Posted at 6:01 PM, May 15, 2019
and last updated 2019-05-15 18:01:18-04

LEXINGTON, Ky. (LEX 18) — The Kentucky Derby saw a last minute drop out for Omaha Beach due to an upper airway abnormality. Country House isn’t making it to Preakness Stakes due to an illness that required a tracheal wash.

A vet from Rood & Riddle Equine explains that horses suffer from asthma, just like humans.

“Most owners would know it as COPD and heaves. COPD actually represents severe asthma, but horses may have mild asthma,” said Dr. Bill Gilsenan from Rood & Riddle.

The mild asthma is often contracted due to dust.

“As we are in racing season and horses are traveling a lot and also intermingling with a lot of other horses, just like people who go on vacation or go into areas that they typically haven’t been before, they’re going to be susceptible to picking up little viruses especially if they’re stressed from the simple stress of traveling just like you going in an airplane,” said Gilsenan.

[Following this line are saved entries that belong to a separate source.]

lemma thr_embedding_last_to_max:
  assumes "thr_embedding (s @ [b]) t f"
  obtains g where "thr_embedding (s @ [b]) t g"
    and "\<And>i. i \<le> length s \<Longrightarrow> g i < g (Suc (length s))"
    and "t ! (g (Suc (length s)) - 1) = b"
proof -
  define k where "k = Suc (length s)"
  define A where "A = {0..k}"
  have emb: "inj_on f A"
    "\<And>i j. i \<in> A \<Longrightarrow> j \<in> A \<Longrightarrow> thr_adj (s @ [b]) i j \<longleftrightarrow> thr_adj t (f i) (f j)"
    using assms unfolding thr_embedding_def A_def k_def by auto
  have "k \<in> A" "0 \<in> A" "k \<noteq> 0" by (simp_all add: A_def k_def)
  obtain j where "j \<in> A" and j_max: "\<And>i. i \<in> A \<Longrightarrow> f i \<le> f j"
    using Max_in[of "f ` A"] Max_ge[of "f ` A"] by (fastforce simp: A_def)
  define M where "M = f j"
  have below_M: "f i < M" if "i \<in> A" "i \<noteq> j" for i
    using j_max[OF that(1)] inj_onD[OF emb(1) _ that(1) \<open>j \<in> A\<close>] that(2) by (fastforce simp: M_def)
  text \<open>Both j and k are joined to all other vertices or to none, so they are twins.\<close>
  have adj_j: "thr_adj (s @ [b]) i j \<longleftrightarrow> t ! (M - 1)" if "i \<in> A" "i \<noteq> j" for i
    using emb(2)[OF that(1) \<open>j \<in> A\<close>] below_M[OF that] thr_adj_max by (simp add: M_def)
  have adj_k: "thr_adj (s @ [b]) i k \<longleftrightarrow> b" if "i \<in> A" "i \<noteq> k" for i
    using that thr_adj_snoc_last[of i s b] by (simp add: A_def k_def)
  have "t ! (M - 1) = b"
  proof (cases "j = k")
    case True
    then show ?thesis using adj_j[of 0] adj_k[of 0] \<open>0 \<in> A\<close> \<open>k \<noteq> 0\<close> by simp
  next
    case False
    then show ?thesis using adj_j[of k] adj_k[of j] \<open>j \<in> A\<close> \<open>k \<in> A\<close> thr_adj_sym by metis
  qed
  define g where "g = f \<circ> transpose j k"
  have "thr_embedding (s @ [b]) t g"
    unfolding g_def
    by (rule thr_embedding_transpose_twins[OF assms])
      (use \<open>j \<in> A\<close> \<open>k \<in> A\<close> adj_j adj_k \<open>t ! (M - 1) = b\<close> in \<open>auto simp: A_def k_def\<close>)
  moreover have "g i < g k" if "i \<le> length s" for i
  proof -
    have "i \<in> A" "i \<noteq> k" using that by (simp_all add: A_def k_def)
    then have "transpose j k i \<in> A" "transpose j k i \<noteq> j"
      using \<open>j \<in> A\<close> \<open>k \<in> A\<close> by (auto simp: transpose_def)
    then show ?thesis using below_M by (simp add: g_def M_def)
  qed
  moreover have "g k = M" by (simp add: g_def M_def)
  ultimately show thesis
    using that \<open>t ! (M - 1) = b\<close> by (simp add: k_def)
qed

lemma thr_embedding_snocE:
  assumes "thr_embedding (s @ [b]) t f"
  obtains M g where "0 < M" and "M \<le> length t" and "t ! (M - 1) = b"
    and "thr_embedding s (take (M - 1) t) g"
proof -
  obtain g where g: "thr_embedding (s @ [b]) t g"
    "\<And>i. i \<le> length s \<Longrightarrow> g i < g (Suc (length s))" "t ! (g (Suc (length s)) - 1) = b"
    using thr_embedding_last_to_max[OF assms] by blast
  define M where "M = g (Suc (length s))"
  have "0 < M" using g(2)[of 0] by (simp add: M_def)
  moreover have "M \<le> length t"
    using g(1) unfolding thr_embedding_def M_def by (auto simp: image_subset_iff)
  moreover have "thr_embedding s (take (M - 1) t) g"
  proof (rule thr_embedding_take)
    show "thr_embedding s t g" using g(1) by (rule thr_embedding_butlast)
    show "g ` {0..length s} \<subseteq> {0..M - 1}" using g(2) by (fastforce simp: M_def)
  qed
  ultimately show thesis using that g(3) by (simp add: M_def)
qed

lemma thr_embedding_imp_subseq: "thr_embedding s t f \<Longrightarrow> subseq s t"
proof (induction s arbitrary: f t rule: rev_induct)
  case Nil
  then show ?case by simp
next
  case (snoc b s)
  then obtain M g where "0 < M" "M \<le> length t" "t ! (M - 1) = b"
    and emb: "thr_embedding s (take (M - 1) t) g"
    by (blast elim: thr_embedding_snocE)
  from emb have "subseq s (take (M - 1) t)" by (rule snoc.IH)
  moreover have "t = take (M - 1) t @ [b] @ drop M t"
    using \<open>0 < M\<close> \<open>M \<le> length t\<close> \<open>t ! (M - 1) = b\<close> id_take_nth_drop[of "M - 1" t] by simp
  ultimately show ?case
    by (metis list_emb_append_mono subseq_order.order_refl subseq_rev_drop_many)
qed

lemma creation_seq_induced_subgraph_iso:
  assumes "creation_seq V E s"
  shows "induced_subgraph_iso {0..length s} (thr_adj s) V E"
    and "induced_subgraph_iso V E {0..length s} (thr_adj s)"
proof -
  obtain f where "bij_betw f {0..length s} V"
    and "\<forall>i\<in>{0..length s}. \<forall>j\<in>{0..length s}. thr_adj s i j \<longleftrightarrow> E (f i) (f j)"
    using assms unfolding creation_seq_def by auto
  then show "induced_subgraph_iso {0..length s} (thr_adj s) V E"
    and "induced_subgraph_iso V E {0..length s} (thr_adj s)"
    by (rule bij_betw_induced_subgraph_iso)+
qed

theorem mainTheorem1:
  fixes V :: "'a set" and E :: "'a \<Rightarrow> 'a \<Rightarrow> bool"
    and W :: "'b set" and F :: "'b \<Rightarrow> 'b \<Rightarrow> bool"
    and s t :: "bool list"
  assumes "creation_seq V E s" and "creation_seq W F t"
  shows "induced_subgraph_iso V E W F \<longleftrightarrow> subseq s t"
proof -
  note s_iso = creation_seq_induced_subgraph_iso[OF assms(1)]
  note t_iso = creation_seq_induced_subgraph_iso[OF assms(2)]
  have "induced_subgraph_iso V E W F \<longleftrightarrow>
      induced_subgraph_iso {0..length s} (thr_adj s) {0..length t} (thr_adj t)"
  proof
    assume "induced_subgraph_iso V E W F"
    then show "induced_subgraph_iso {0..length s} (thr_adj s) {0..length t} (thr_adj t)"
      by (rule induced_subgraph_iso_trans[OF s_iso(1) induced_subgraph_iso_trans[OF _ t_iso(2)]])
  next
    assume "induced_subgraph_iso {0..length s} (thr_adj s) {0..length t} (thr_adj t)"
    then show "induced_subgraph_iso V E W F"
      by (rule induced_subgraph_iso_trans[OF s_iso(2) induced_subgraph_iso_trans[OF _ t_iso(1)]])
  qed
  also have "\<dots> \<longleftrightarrow> subseq s t"
    unfolding induced_subgraph_iso_thr_iff
    using subseq_imp_thr_embedding thr_embedding_imp_subseq by blast
  finally show ?thesis .
qed

end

It wasn’t until the past 4-5 years that asthma was the name associated with horses’ respiratory issues.

“We used to call inflammatory aroid disease that we now call mild equine asthma will be completely normal at rest and they only have a cough when they’re exercising. Horses that have severe equine asthma, which horse owners would probably know as heaves, would have an increased respiratory effort at rest, also an increased respiratory rate and that can be so severe that even in the worst cases, sometimes horses need to be put down,” he said.

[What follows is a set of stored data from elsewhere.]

(* Let $E$ be a real affine space of dimension $n$, let $\mu\in\mathcal M(E)$ and let $K$ be a convex subset of $E$ satisfying $\mu(E\setminus K)<2^{-n}\mu(E)$. Then every Yao-Yao center of $\mu$ belongs to $K$.
   Context: $\vec E$ denotes the vector space associated with $E$. A partition of $E$ is a collection $\mathcal P$ of subsets of $E$ with $\bigcup\mathcal P=E$ such that the interiors of any two distinct elements of $\mathcal P$ are disjoint. Yao-Yao partitions and their centers are defined by induction on the dimension: if $E=\{x\}$ has dimension $0$, the Yao-Yao partition of $E$ is $\{\{x\}\}$, with center $x$. If $\dim E=n\ge 1$, $\mathcal P$ is a Yao-Yao partition of $E$ with center $x$ if there exist an affine hyperplane $F$ of $E$, a vector $v\in\vec E\setminus\vec F$ and two Yao-Yao partitions $\mathcal P_1,\mathcal P_{-1}$ of $F$ having the same center $x$, such that $\mathcal P=\{A+\mathbb R_- v : A\in\mathcal P_{-1}\}\cup\{A+\mathbb R_+ v: A\in\mathcal P_1\}$. $\mathcal M(E)$ is the set of finite non-negative Borel measures $\mu$ on $E$ such that $\mu(H)=0$ for every affine hyperplane $H$ of $E$. For $\mu\in\mathcal M(E)$, a Yao-Yao equipartition for $\mu$ is a Yao-Yao partition $\mathcal P$ of $E$ with $\mu(A)=2^{-n}\mu(E)$ for all $A\in\mathcal P$; a point $x\in E$ is a Yao-Yao center of $\mu$ if it is the center of some Yao-Yao equipartition for $\mu$. *)

theory Defs
  imports "HOL-Analysis.Analysis"
begin

text \<open>A real affine space of dimension n is modelled as a nonempty affine subset E of a
Euclidean space with aff_dim E = n.  Its associated vector space is the set of differences.\<close>

definition vec_space :: "'a::euclidean_space set \<Rightarrow> 'a set" where
  "vec_space E = {a - b | a b. a \<in> E \<and> b \<in> E}"

definition affine_hyperplane_of :: "'a::euclidean_space set \<Rightarrow> 'a set \<Rightarrow> bool" where
  "affine_hyperplane_of E H \<longleftrightarrow>
     affine H \<and> H \<noteq> {} \<and> H \<subseteq> E \<and> aff_dim H = aff_dim E - 1"

definition half_cone :: "'a::euclidean_space set \<Rightarrow> real set \<Rightarrow> 'a \<Rightarrow> 'a set" where
  "half_cone A T v = {a + t *\<^sub>R v | a t. a \<in> A \<and> t \<in> T}"

inductive yao_yao :: "'a::euclidean_space set \<Rightarrow> 'a set set \<Rightarrow> 'a \<Rightarrow> bool" where
  dim0: "yao_yao {x} {{x}} x"
| step: "\<lbrakk> affine E; aff_dim E \<ge> 1; affine_hyperplane_of E F;
           v \<in> vec_space E; v \<notin> vec_space F;
           yao_yao F P1 x; yao_yao F Pm1 x \<rbrakk>
         \<Longrightarrow> yao_yao E ((\<lambda>A. half_cone A {..0} v) ` Pm1 \<union> (\<lambda>A. half_cone A {0..} v) ` P1) x"

definition in_M :: "'a::euclidean_space set \<Rightarrow> 'a measure \<Rightarrow> bool" where
  "in_M E \<mu> \<longleftrightarrow> sets \<mu> = sets (restrict_space borel E) \<and> finite_measure \<mu> \<and>
     (\<forall>H. affine_hyperplane_of E H \<longrightarrow> emeasure \<mu> H = 0)"

definition yao_yao_equipartition :: "'a::euclidean_space set \<Rightarrow> 'a measure \<Rightarrow> 'a set set \<Rightarrow> 'a \<Rightarrow> bool" where
  "yao_yao_equipartition E \<mu> P x \<longleftrightarrow> yao_yao E P x \<and>
     (\<forall>A\<in>P. A \<in> sets \<mu> \<and> measure \<mu> A = measure \<mu> E / 2 ^ nat (aff_dim E))"

definition yao_yao_center :: "'a::euclidean_space set \<Rightarrow> 'a measure \<Rightarrow> 'a \<Rightarrow> bool" where
  "yao_yao_center E \<mu> x \<longleftrightarrow> (\<exists>P. yao_yao_equipartition E \<mu> P x)"

end

theory Submission
  imports Defs
begin

text \<open>Every Yao-Yao partition centered at x has, for each direction w, a cell lying in the
closed half-space w \<bullet> z \<le> w \<bullet> x: extend the cell chosen in the hyperplane F along the ray
on which w \<bullet> v has the right sign.  If x \<notin> K, separate x from K inside E by a hyperplane
through x that does not contain E; the cell on the side away from K then lies in
(E - K) \<union> (E \<inter> hyperplane), so up to a null set it is covered by E - K, and its measure
\<mu>(E) / 2^n cannot exceed \<mu>(E - K).\<close>

lemma half_cone_subset_affine:
  assumes "affine E" "A \<subseteq> E" "v \<in> vec_space E"
  shows "half_cone A T v \<subseteq> E"
proof
  fix z assume "z \<in> half_cone A T v"
  then obtain a t where "a \<in> A" "z = a + t *\<^sub>R v" by (auto simp: half_cone_def)
  moreover obtain b c where "b \<in> E" "c \<in> E" "v = b - c"
    using assms(3) by (auto simp: vec_space_def)
  ultimately show "z \<in> E"
    using mem_affine_3_minus[OF assms(1), of a b c t] assms(2) by auto
qed

lemma half_cone_subset_halfspace:
  assumes "A \<subseteq> {z. w \<bullet> z \<le> c}" "\<And>t. t \<in> T \<Longrightarrow> t * (w \<bullet> v) \<le> 0"
  shows "half_cone A T v \<subseteq> {z. w \<bullet> z \<le> c}"
proof
  fix z assume "z \<in> half_cone A T v"
  then obtain a t where "a \<in> A" "t \<in> T" "z = a + t *\<^sub>R v" by (auto simp: half_cone_def)
  with assms show "z \<in> {z. w \<bullet> z \<le> c}" by (fastforce simp: inner_add_right)
qed

lemma yao_yao_center_mem:
  assumes "yao_yao E P x"
  shows "x \<in> E"
  using assms by induction (auto simp: affine_hyperplane_of_def)

lemma yao_yao_cell_subset:
  assumes "yao_yao E P x" "A \<in> P"
  shows "A \<subseteq> E"
  using assms
proof (induction arbitrary: A)
  case (step E F v P1 x Pm1)
  have "F \<subseteq> E" using step.hyps(3) by (simp add: affine_hyperplane_of_def)
  obtain A0 T where "A = half_cone A0 T v" "A0 \<subseteq> F" using step.prems step.IH by blast
  with \<open>F \<subseteq> E\<close> show ?case using half_cone_subset_affine[OF step.hyps(1) _ step.hyps(4)] by blast
qed simp

lemma yao_yao_cell_in_halfspace:
  assumes "yao_yao E P x"
  shows "\<exists>A\<in>P. A \<subseteq> {z. w \<bullet> z \<le> w \<bullet> x}"
  using assms
proof induction
  case (step E F v P1 x Pm1)
  show ?case
  proof (cases "w \<bullet> v \<ge> 0")
    case True
    obtain A where "A \<in> Pm1" "A \<subseteq> {z. w \<bullet> z \<le> w \<bullet> x}" using step.IH(2) by blast
    moreover have "half_cone A {..0} v \<subseteq> {z. w \<bullet> z \<le> w \<bullet> x}"
      using calculation True by (intro half_cone_subset_halfspace) (auto simp: mult_nonpos_nonneg)
    ultimately show ?thesis by blast
  next
    case False
    obtain A where "A \<in> P1" "A \<subseteq> {z. w \<bullet> z \<le> w \<bullet> x}" using step.IH(1) by blast
    moreover have "half_cone A {0..} v \<subseteq> {z. w \<bullet> z \<le> w \<bullet> x}"
      using calculation False by (intro half_cone_subset_halfspace) (auto simp: mult_nonneg_nonpos)
    ultimately show ?thesis by blast
  qed
qed simp

text \<open>Separation relative to E: separating K - x + T from 0, where T is the orthogonal
complement of the direction space of E, forces the normal a out of T, so the hyperplane
a \<bullet> v = a \<bullet> x does not contain E.\<close>

lemma separating_hyperplane_within_affine:
  fixes E K :: "'a::euclidean_space set"
  assumes "affine E" "convex K" "K \<subseteq> E" "K \<noteq> {}" "x \<in> E" "x \<notin> K"
  obtains a where "\<forall>k\<in>K. a \<bullet> x \<le> a \<bullet> k" "\<not> E \<subseteq> {v. a \<bullet> v = a \<bullet> x}"
proof -
  define T where "T = {q. \<forall>s\<in>E. \<forall>s'\<in>E. q \<bullet> (s - s') = 0}"
  define C where "C = (+) (-x) ` (\<Union>k\<in>K. \<Union>q\<in>T. {k + q})"
  have "subspace T" unfolding T_def subspace_def by (auto simp: inner_add_left)
  then have "convex C"
    unfolding C_def by (intro convex_translation convex_sums assms(2) subspace_imp_convex)
  have "0 \<notin> C"
  proof
    assume "0 \<in> C"
    then obtain k where "k \<in> K" "x - k \<in> T" by (auto simp: C_def algebra_simps)
    with assms(3,5) have "(x - k) \<bullet> (x - k) = 0" unfolding T_def by blast
    with \<open>k \<in> K\<close> assms(6) show False by simp
  qed
  then obtain a where "a \<noteq> 0" and a: "\<forall>c\<in>C. 0 \<le> a \<bullet> c"
    using separating_hyperplane_set_0[OF \<open>convex C\<close>] by blast
  have "-x + (k + q) \<in> C" if "k \<in> K" "q \<in> T" for k q
    using that unfolding C_def by blast
  then have sep: "0 \<le> a \<bullet> (k - x) + a \<bullet> q" if "k \<in> K" "q \<in> T" for k q
    using a that by (fastforce simp: inner_add_right inner_diff_right)
  have "0 \<in> T" by (simp add: T_def)
  then have "\<forall>k\<in>K. a \<bullet> x \<le> a \<bullet> k"
    using sep[OF _ \<open>0 \<in> T\<close>] by (simp add: inner_diff_right)
  moreover have "\<not> E \<subseteq> {v. a \<bullet> v = a \<bullet> x}"
  proof
    assume "E \<subseteq> {v. a \<bullet> v = a \<bullet> x}"
    then have "\<forall>s\<in>E. a \<bullet> s = a \<bullet> x" by blast
    then have "a \<in> T" by (simp add: T_def inner_diff_right)
    obtain k where "k \<in> K" using assms(4) by blast
    with \<open>a \<in> T\<close> assms(3,5) have "a \<bullet> (k - x) = 0" by (auto simp: T_def)
    moreover have "-a \<in> T" using \<open>a \<in> T\<close> by (simp add: T_def)
    ultimately have "a \<bullet> a \<le> 0" using sep[OF \<open>k \<in> K\<close>] by fastforce
    with \<open>a \<noteq> 0\<close> show False by (metis inner_gt_zero_iff not_le)
  qed
  ultimately show thesis by (rule that)
qed

lemma in_M_hyperplane_section_null:
  assumes "in_M E \<mu>" "affine E" "x \<in> E" "\<not> E \<subseteq> {v. a \<bullet> v = a \<bullet> x}"
  shows "E \<inter> {v. a \<bullet> v = a \<bullet> x} \<in> null_sets \<mu>"
proof -
  let ?Z = "E \<inter> {v. a \<bullet> v = a \<bullet> x}"
  have "aff_dim ?Z = aff_dim E - 1"
    using aff_dim_affine_Int_hyperplane[OF assms(2), of a "a \<bullet> x"] assms(3,4) by auto
  with assms(2,3) have "affine_hyperplane_of E ?Z"
    by (auto simp: affine_hyperplane_of_def intro: affine_Int affine_hyperplane)
  moreover have "?Z \<in> sets \<mu>"
    using assms(1) closed_hyperplane[of a "a \<bullet> x"]
    by (auto simp: in_M_def sets_restrict_space)
  ultimately show ?thesis using assms(1) by (simp add: in_M_def null_sets_def)
qed

lemma yao_yao_cell_almost_outside_convex:
  assumes "yao_yao E P x" "in_M E \<mu>" "affine E" "convex K" "K \<subseteq> E" "x \<notin> K"
  shows "\<exists>A\<in>P. \<exists>Z\<in>null_sets \<mu>. A \<subseteq> (E - K) \<union> Z"
proof (cases "K = {}")
  case True
  then show ?thesis
    using yao_yao_cell_in_halfspace[OF assms(1), of 0] yao_yao_cell_subset[OF assms(1)] by blast
next
  case False
  have "x \<in> E" using assms(1) by (rule yao_yao_center_mem)
  obtain a where aK: "\<forall>k\<in>K. a \<bullet> x \<le> a \<bullet> k" and aE: "\<not> E \<subseteq> {v. a \<bullet> v = a \<bullet> x}"
    by (rule separating_hyperplane_within_affine[OF assms(3-5) False \<open>x \<in> E\<close> assms(6)])
  obtain A where "A \<in> P" "A \<subseteq> {z. a \<bullet> z \<le> a \<bullet> x}"
    using yao_yao_cell_in_halfspace[OF assms(1)] by blast
  moreover have "A \<subseteq> E" using assms(1) \<open>A \<in> P\<close> by (rule yao_yao_cell_subset)
  ultimately have "A \<subseteq> (E - K) \<union> (E \<inter> {v. a \<bullet> v = a \<bullet> x})"
    using aK by fastforce
  with \<open>A \<in> P\<close> in_M_hyperplane_section_null[OF assms(2,3) \<open>x \<in> E\<close> aE] show ?thesis
    by (intro bexI) auto
qed

theorem proposition5:
  fixes E K :: "'a::euclidean_space set" and \<mu> :: "'a measure" and n :: nat and x :: 'a
  assumes "affine E" and "E \<noteq> {}" and "aff_dim E = int n"
    and "in_M E \<mu>"
    and "convex K" and "K \<subseteq> E"
    and "\<exists>B\<in>sets \<mu>. E - K \<subseteq> B \<and> measure \<mu> B < measure \<mu> E / 2 ^ n"
    and "yao_yao_center E \<mu> x"
  shows "x \<in> K"
proof (rule ccontr)
  assume "x \<notin> K"
  obtain B where B: "B \<in> sets \<mu>" "E - K \<subseteq> B" "measure \<mu> B < measure \<mu> E / 2 ^ n"
    using assms(7) by blast
  obtain P where "yao_yao E P x" and cells: "\<And>A. A \<in> P \<Longrightarrow> measure \<mu> A = measure \<mu> E / 2 ^ n"
    using assms(3,8) by (auto simp: yao_yao_center_def yao_yao_equipartition_def)
  then obtain A Z where "A \<in> P" "Z \<in> null_sets \<mu>" "A \<subseteq> B \<union> Z"
    using yao_yao_cell_almost_outside_convex[OF _ assms(4,1,5,6) \<open>x \<notin> K\<close>] B(2) by blast
  interpret finite_measure \<mu> using assms(4) by (simp add: in_M_def)
  have "measure \<mu> A \<le> measure \<mu> (B \<union> Z)"
    using \<open>A \<subseteq> B \<union> Z\<close> B(1) \<open>Z \<in> null_sets \<mu>\<close> by (intro finite_measure_mono) auto
  also have "\<dots> = measure \<mu> B" using B(1) \<open>Z \<in> null_sets \<mu>\<close> by (rule measure_Un_null_set)
  finally show False using cells[OF \<open>A \<in> P\<close>] B(3) by linarith
qed

end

To avoid the extreme, Gilsenan said it is best to take preventative steps and visit a vet.

“As our understanding for equine asthma has evolved, you really — you can create a corollary for what you see in people. Again, the thing that I would remember is that in a horse, just like in people, a cough is never normal and if a horse is coughing, when they’re exercising or at rest, that’s not normal,” said Gilsenan.